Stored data
######

definition optimism :: "nat \<Rightarrow> (nat \<Rightarrow> 'a \<Rightarrow> real) \<Rightarrow> (nat \<Rightarrow> 'a) \<Rightarrow> (nat \<Rightarrow> 'a) \<Rightarrow> nat \<Rightarrow> real" where
  "optimism n p y yt k = - (\<Sum>i<n. ln (p k (yt i))) + (\<Sum>i<n. ln (p k (y i)))"

definition w_op :: "nat \<Rightarrow> nat \<Rightarrow> (nat \<Rightarrow> 'a \<Rightarrow> real) \<Rightarrow> (nat \<Rightarrow> 'a) \<Rightarrow> (nat \<Rightarrow> 'a) \<Rightarrow> nat \<Rightarrow> real" where
  "w_op K n p y yt k = exp (- optimism n p y yt k) / (\<Sum>j<K. exp (- optimism n p y yt j))"

definition overfit_ratio :: "nat \<Rightarrow> (nat \<Rightarrow> 'a \<Rightarrow> real) \<Rightarrow> (nat \<Rightarrow> 'a) \<Rightarrow> (nat \<Rightarrow> 'a) \<Rightarrow> nat \<Rightarrow> real" where
  "overfit_ratio n p y yt k = (\<Sum>i<n. - ln (p k (yt i))) / (\<Sum>i<n. - ln (p k (y i)))"

definition overfit_min :: "nat \<Rightarrow> nat \<Rightarrow> (nat \<Rightarrow> 'a \<Rightarrow> real) \<Rightarrow> (nat \<Rightarrow> 'a) \<Rightarrow> (nat \<Rightarrow> 'a) \<Rightarrow> real" where
  "overfit_min K n p y yt = Min ((\<lambda>k. overfit_ratio n p y yt k) ` {..<K})"

definition phi_integrand :: "'a measure \<Rightarrow> nat \<Rightarrow> (nat \<Rightarrow> 'a \<Rightarrow> real) \<Rightarrow> nat \<Rightarrow> (nat \<Rightarrow> 'a) \<Rightarrow> real" where
  "phi_integrand Q n p k yt =
     exp ((\<Sum>i<n. ln (p k (yt i))) - real n * (\<integral>x. ln (p k x) \<partial>Q))"

definition phi_term :: "'a measure \<Rightarrow> nat \<Rightarrow> nat \<Rightarrow> (nat \<Rightarrow> 'a \<Rightarrow> real) \<Rightarrow> real" where
  "phi_term Q K n p =
     ln ((1 / real K) * (\<Sum>k<K. \<integral>yt. phi_integrand Q n p k yt \<partial>(PiM {..<n} (\<lambda>_. Q))))"

end

theory Submission
  imports Defs
begin

(* By concavity of the logarithm the risk of the mixture is at most the w-average of the
   risks R_k = n E[-log p_k].  The finite Gibbs (Donsker-Varadhan) inequality
     sum_k w_k (a_k - log w_k) <= log sum_k exp a_k,
   applied with a_k = R_k - T_k where T_k is the loss on the new draws, trades the average of
   R_k - T_k for log sum_k exp (R_k - T_k); this sum is the sum of the phi integrands, whose
   expectation is K exp phi_term, so by Markov's inequality it is at most K exp phi_term / delta
   with probability at least 1 - delta.  Finally m L_k <= T_k, with L_k the training loss, gives
   T_k <= m/(m-1) op_k, and the w-average of op_k equals relative entropy to w^op minus
   entropy minus log sum_k exp (-op_k). *)

lemma weighted_ln_le_ln_weighted_sum:
  fixes w c :: "'i \<Rightarrow> real"
  assumes "finite I" "\<And>k. k \<in> I \<Longrightarrow> 0 \<le> w k" "(\<Sum>k\<in>I. w k) = 1"
    and "\<And>k. k \<in> I \<Longrightarrow> 0 < c k"
  shows "(\<Sum>k\<in>I. w k * ln (c k)) \<le> ln (\<Sum>k\<in>I. w k * c k)"
proof -
  have "I \<noteq> {}" using assms(3) by auto
  then show ?thesis
    using concave_on_sum[OF assms(1) _ ln_concave assms(3), of c] assms(2,4) by simp
qed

######

■ **WORK TO BE COMPLETED**: For this exercise, give the entries above again with no difference at all.

■ **RESULT BELOW**:
definition optimism :: "nat \<Rightarrow> (nat \<Rightarrow> 'a \<Rightarrow> real) \<Rightarrow> (nat \<Rightarrow> 'a) \<Rightarrow> (nat \<Rightarrow> 'a) \<Rightarrow> nat \<Rightarrow> real" where
  "optimism n p y yt k = - (\<Sum>i<n. ln (p k (yt i))) + (\<Sum>i<n. ln (p k (y i)))"

definition w_op :: "nat \<Rightarrow> nat \<Rightarrow> (nat \<Rightarrow> 'a \<Rightarrow> real) \<Rightarrow> (nat \<Rightarrow> 'a) \<Rightarrow> (nat \<Rightarrow> 'a) \<Rightarrow> nat \<Rightarrow> real" where
  "w_op K n p y yt k = exp (- optimism n p y yt k) / (\<Sum>j<K. exp (- optimism n p y yt j))"

definition overfit_ratio :: "nat \<Rightarrow> (nat \<Rightarrow> 'a \<Rightarrow> real) \<Rightarrow> (nat \<Rightarrow> 'a) \<Rightarrow> (nat \<Rightarrow> 'a) \<Rightarrow> nat \<Rightarrow> real" where
  "overfit_ratio n p y yt k = (\<Sum>i<n. - ln (p k (yt i))) / (\<Sum>i<n. - ln (p k (y i)))"

definition overfit_min :: "nat \<Rightarrow> nat \<Rightarrow> (nat \<Rightarrow> 'a \<Rightarrow> real) \<Rightarrow> (nat \<Rightarrow> 'a) \<Rightarrow> (nat \<Rightarrow> 'a) \<Rightarrow> real" where
  "overfit_min K n p y yt = Min ((\<lambda>k. overfit_ratio n p y yt k) ` {..<K})"

definition phi_integrand :: "'a measure \<Rightarrow> nat \<Rightarrow> (nat \<Rightarrow> 'a \<Rightarrow> real) \<Rightarrow> nat \<Rightarrow> (nat \<Rightarrow> 'a) \<Rightarrow> real" where
  "phi_integrand Q n p k yt =
     exp ((\<Sum>i<n. ln (p k (yt i))) - real n * (\<integral>x. ln (p k x) \<partial>Q))"

definition phi_term :: "'a measure \<Rightarrow> nat \<Rightarrow> nat \<Rightarrow> (nat \<Rightarrow> 'a \<Rightarrow> real) \<Rightarrow> real" where
  "phi_term Q K n p =
     ln ((1 / real K) * (\<Sum>k<K. \<integral>yt. phi_integrand Q n p k yt \<partial>(PiM {..<n} (\<lambda>_. Q))))"

end

theory Submission
  imports Defs
begin

(* By concavity of the logarithm the risk of the mixture is at most the w-average of the
   risks R_k = n E[-log p_k].  The finite Gibbs (Donsker-Varadhan) inequality
     sum_k w_k (a_k - log w_k) <= log sum_k exp a_k,
   applied with a_k = R_k - T_k where T_k is the loss on the new draws, trades the average of
   R_k - T_k for log sum_k exp (R_k - T_k); this sum is the sum of the phi integrands, whose
   expectation is K exp phi_term, so by Markov's inequality it is at most K exp phi_term / delta
   with probability at least 1 - delta.  Finally m L_k <= T_k, with L_k the training loss, gives
   T_k <= m/(m-1) op_k, and the w-average of op_k equals relative entropy to w^op minus
   entropy minus log sum_k exp (-op_k). *)

lemma weighted_ln_le_ln_weighted_sum:
  fixes w c :: "'i \<Rightarrow> real"
  assumes "finite I" "\<And>k. k \<in> I \<Longrightarrow> 0 \<le> w k" "(\<Sum>k\<in>I. w k) = 1"
    and "\<And>k. k \<in> I \<Longrightarrow> 0 < c k"
  shows "(\<Sum>k\<in>I. w k * ln (c k)) \<le> ln (\<Sum>k\<in>I. w k * c k)"
proof -
  have "I \<noteq> {}" using assms(3) by auto
  then show ?thesis
    using concave_on_sum[OF assms(1) _ ln_concave assms(3), of c] assms(2,4) by simp
qed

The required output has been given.